3. Create new buckets and objects on current master.
4. Bring up rgw process on the old master zone.
5. Upload some more buckets and objects on the current master.
5. Check for sync

Actual results:
All the buckets were synced. The objects created before rgw process restart failed to sync but the other objects created later synced successfully.

I don't see a GET request sent to master on the buckets that are missing objects.

Comment 10 Casey Bodley 2016-08-11 14:01:57 UTC

Thanks Bara,

The only part that I'd clarify is "During this process, the master zone is down and object sync requests can be skipped under certain circumstances."

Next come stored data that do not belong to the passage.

text \<open>The twistor equation in the coordinates \<open>(\<rho>, \<eta>)\<close>; its solutions on a connected
  open subset of the half-plane are exactly the sections \<^const>\<open>twistor\<close> \<open>a b\<close>.\<close>

definition twistor_equation :: "(real \<times> real) set \<Rightarrow> sect \<Rightarrow> bool" where
  "twistor_equation U \<phi> \<longleftrightarrow> (\<forall>p\<in>U.
     has_partials (\<lambda>q. fst (\<phi> q)) (- fst (\<phi> p) / (2 * fst p)) (- snd (\<phi> p) / fst p) p \<and>
     has_partials (\<lambda>q. snd (\<phi> q)) (snd (\<phi> p) / (2 * fst p)) 0 p)"

lemma twistor_equation_twistor:
  assumes "U \<subseteq> half_plane"
  shows "twistor_equation U (twistor a b)"
  unfolding twistor_equation_def
proof (intro ballI conjI)
  fix p assume "p \<in> U"
  then have "fst p > 0"
    using assms by (auto simp: half_plane_def)
  have sqrt: "has_partials (\<lambda>q. sqrt (fst q)) (1 / (2 * sqrt (fst p))) 0 p"
    by (rule has_partials_cong[OF has_partials_compose[OF DERIV_real_sqrt[OF \<open>fst p > 0\<close>]
          has_partials_fst]]) (simp_all add: field_simps)
  have inverse_sqrt: "has_partials (\<lambda>q. inverse (sqrt (fst q))) (- 1 / (2 * fst p * sqrt (fst p))) 0 p"
    by (rule has_partials_cong[OF has_partials_compose[OF DERIV_inverse[of "sqrt (fst p)"] sqrt]])
      (use \<open>fst p > 0\<close> in \<open>simp_all add: field_simps power2_eq_square\<close>)
  show "has_partials (\<lambda>q. fst (twistor a b q))
      (- fst (twistor a b p) / (2 * fst p)) (- snd (twistor a b p) / fst p) p"
    unfolding twistor_def fst_conv snd_conv divide_inverse
    by (rule has_partials_cong, (rule has_partials_mult has_partials_minus has_partials_diff
        has_partials_const has_partials_snd inverse_sqrt)+)
      (use \<open>fst p > 0\<close> in \<open>simp_all add: field_simps real_sqrt_mult_self\<close>)
  show "has_partials (\<lambda>q. snd (twistor a b q)) (snd (twistor a b p) / (2 * fst p)) 0 p"
    unfolding twistor_def fst_conv snd_conv
    by (rule has_partials_cong, (rule has_partials_mult has_partials_const sqrt)+)
      (use \<open>fst p > 0\<close> in \<open>simp_all add: field_simps\<close>)
qed

lemma has_partials_Phi:
  fixes F :: "real \<times> real \<Rightarrow> real" and \<phi> :: sect and p :: "real \<times> real"
  defines "r \<equiv> fst p" and "c0 \<equiv> fst (\<phi> p)" and "c1 \<equiv> snd (\<phi> p)"
  assumes "twistor_equation U \<phi>" "p \<in> U" "r \<noteq> 0"
    and F: "has_partials F (d_rho F p) (d_eta F p) p"
    and F1: "has_partials (d_rho F) F11 F12 p" and F2: "has_partials (d_eta F) F21 F22 p"
  shows "has_partials (\<lambda>q. fst (Phi F \<phi> q))
      (c0 * (d_rho F p + r * F11 - F p / (4 * r)) + c1 * (3 / 2 * d_eta F p + r * F21))
      (c0 * (d_eta F p / 2 + r * F12) + c1 * (r * F22 - d_rho F p - F p / (2 * r))) p"
    and "has_partials (\<lambda>q. snd (Phi F \<phi> q))
      (c0 * (d_eta F p / 2 + r * F21) + c1 * (F p / (4 * r) - d_rho F p - r * F11))
      (c0 * r * F22 - c1 * (d_eta F p / 2 + r * F12)) p"
proof -
  have c0: "has_partials (\<lambda>q. fst (\<phi> q)) (- c0 / (2 * r)) (- c1 / r) p"
    and c1: "has_partials (\<lambda>q. snd (\<phi> q)) (c1 / (2 * r)) 0 p"
    using assms(4,5) unfolding twistor_equation_def r_def c0_def c1_def by auto
  note rules = has_partials_add has_partials_mult has_partials_minus has_partials_const
    has_partials_fst F F1 F2 c0 c1
  show "has_partials (\<lambda>q. fst (Phi F \<phi> q))
      (c0 * (d_rho F p + r * F11 - F p / (4 * r)) + c1 * (3 / 2 * d_eta F p + r * F21))
      (c0 * (d_eta F p / 2 + r * F12) + c1 * (r * F22 - d_rho F p - F p / (2 * r))) p"
    unfolding Phi_def flat_def dF_dot_def Let_def fst_conv snd_conv
    by (rule has_partials_cong, (rule rules)+)
      (use \<open>r \<noteq> 0\<close> in \<open>simp_all add: field_simps r_def c0_def c1_def\<close>)
  show "has_partials (\<lambda>q. snd (Phi F \<phi> q))
      (c0 * (d_eta F p / 2 + r * F21) + c1 * (F p / (4 * r) - d_rho F p - r * F11))
      (c0 * r * F22 - c1 * (d_eta F p / 2 + r * F12)) p"
    unfolding Phi_def flat_def dF_dot_def Let_def fst_conv snd_conv
    by (rule has_partials_cong, (rule rules)+)
      (use \<open>r \<noteq> 0\<close> in \<open>simp_all add: field_simps r_def c0_def c1_def\<close>)
qed

lemma joyce_solution_Phi:
  assumes "open U" "U \<subseteq> half_plane" "smooth_on2 U F"
    and eigen: "\<forall>p\<in>U. d_rho (d_rho F) p + d_eta (d_eta F) p = 3 * F p / (4 * (fst p)\<^sup>2)"
    and "twistor_equation U \<phi>"
  shows "joyce_solution U (Phi F \<phi>)"
  unfolding joyce_solution_def
proof (intro ballI conjI)
  fix p assume "p \<in> U"
  then have "fst p > 0"
    using assms(2) by (auto simp: half_plane_def)
  have "smooth_on2 U (d_rho F)" "smooth_on2 U (d_eta F)"
    using assms(1,3) by (rule smooth_on2_d_rho, rule smooth_on2_d_eta)
  have "fst p \<noteq> 0"
    using \<open>fst p > 0\<close> by simp
  note partials = has_partials_Phi[OF \<open>twistor_equation U \<phi>\<close> \<open>p \<in> U\<close> \<open>fst p \<noteq> 0\<close>
      smooth_on2_has_partials[OF \<open>smooth_on2 U F\<close> \<open>p \<in> U\<close>]
      smooth_on2_has_partials[OF \<open>smooth_on2 U (d_rho F)\<close> \<open>p \<in> U\<close>]
      smooth_on2_has_partials[OF \<open>smooth_on2 U (d_eta F)\<close> \<open>p \<in> U\<close>]]
  show "(\<lambda>q. fst (Phi F \<phi> q)) differentiable at p" "(\<lambda>q. snd (Phi F \<phi> q)) differentiable at p"
    by (fact has_partials_imp_differentiable[OF partials(1)] has_partials_imp_differentiable[OF partials(2)])+
  have mixed: "d_eta (d_rho F) p = d_rho (d_eta F) p"
    using assms(1,3) \<open>p \<in> U\<close> by (rule smooth_on2_mixed_partials)
  have laplace: "d_eta (d_eta F) p = 3 * F p / (4 * (fst p)\<^sup>2) - d_rho (d_rho F) p"
    using bspec[OF eigen \<open>p \<in> U\<close>] by linarith
  show "d_rho (\<lambda>q. fst (Phi F \<phi> q)) p + d_eta (\<lambda>q. snd (Phi F \<phi> q)) p = fst (Phi F \<phi> p) / fst p"
    unfolding has_partials_imp_d_rho[OF partials(1)] has_partials_imp_d_eta[OF partials(2)] laplace mixed
    using \<open>fst p > 0\<close> by (simp add: Phi_def flat_def dF_dot_def Let_def field_simps power2_eq_square)
  show "d_eta (\<lambda>q. fst (Phi F \<phi> q)) p - d_rho (\<lambda>q. snd (Phi F \<phi> q)) p = 0"
    unfolding has_partials_imp_d_eta[OF partials(1)] has_partials_imp_d_rho[OF partials(2)] laplace mixed
    using \<open>fst p > 0\<close> by (simp add: field_simps power2_eq_square)
qed

theorem proposition7p1:
  fixes F :: "real \<times> real \<Rightarrow> real" and U :: "(real \<times> real) set" and a b :: real
  assumes "open U" and "U \<subseteq> half_plane"
    and "smooth_on2 U F"
    and "\<forall>p\<in>U. d_rho (d_rho F) p + d_eta (d_eta F) p = 3 * F p / (4 * (fst p)\<^sup>2)"
  shows "joyce_solution U (Phi F (twistor a b))"
  using assms twistor_equation_twistor[OF assms(2)] by (rule joyce_solution_Phi)

end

I'd suggest replacing that sentence with:
Generally, the master zone's gateway(s) will still be running when this happens. But in the case where its gateways are all down, it can take up to 30 seconds after restarting for them to notice that another zone was promoted. During this window, they can miss some changes to buckets that occur on other zones.

Comment 12 Casey Bodley 2016-08-11 14:25:52 UTC

Looks good!

Comment 13 shilpa 2016-08-17 09:27:38 UTC

Hi Bara,

Is this yet to be documented in the release notes?

Comment 17 Matt Benjamin (redhat) 2016-10-03 17:57:03 UTC

The behavior is expected in current multisite sync.  In future releases, multisite sync may support more complex failover and recovery scenarios, there is no upstream tracker issue yet.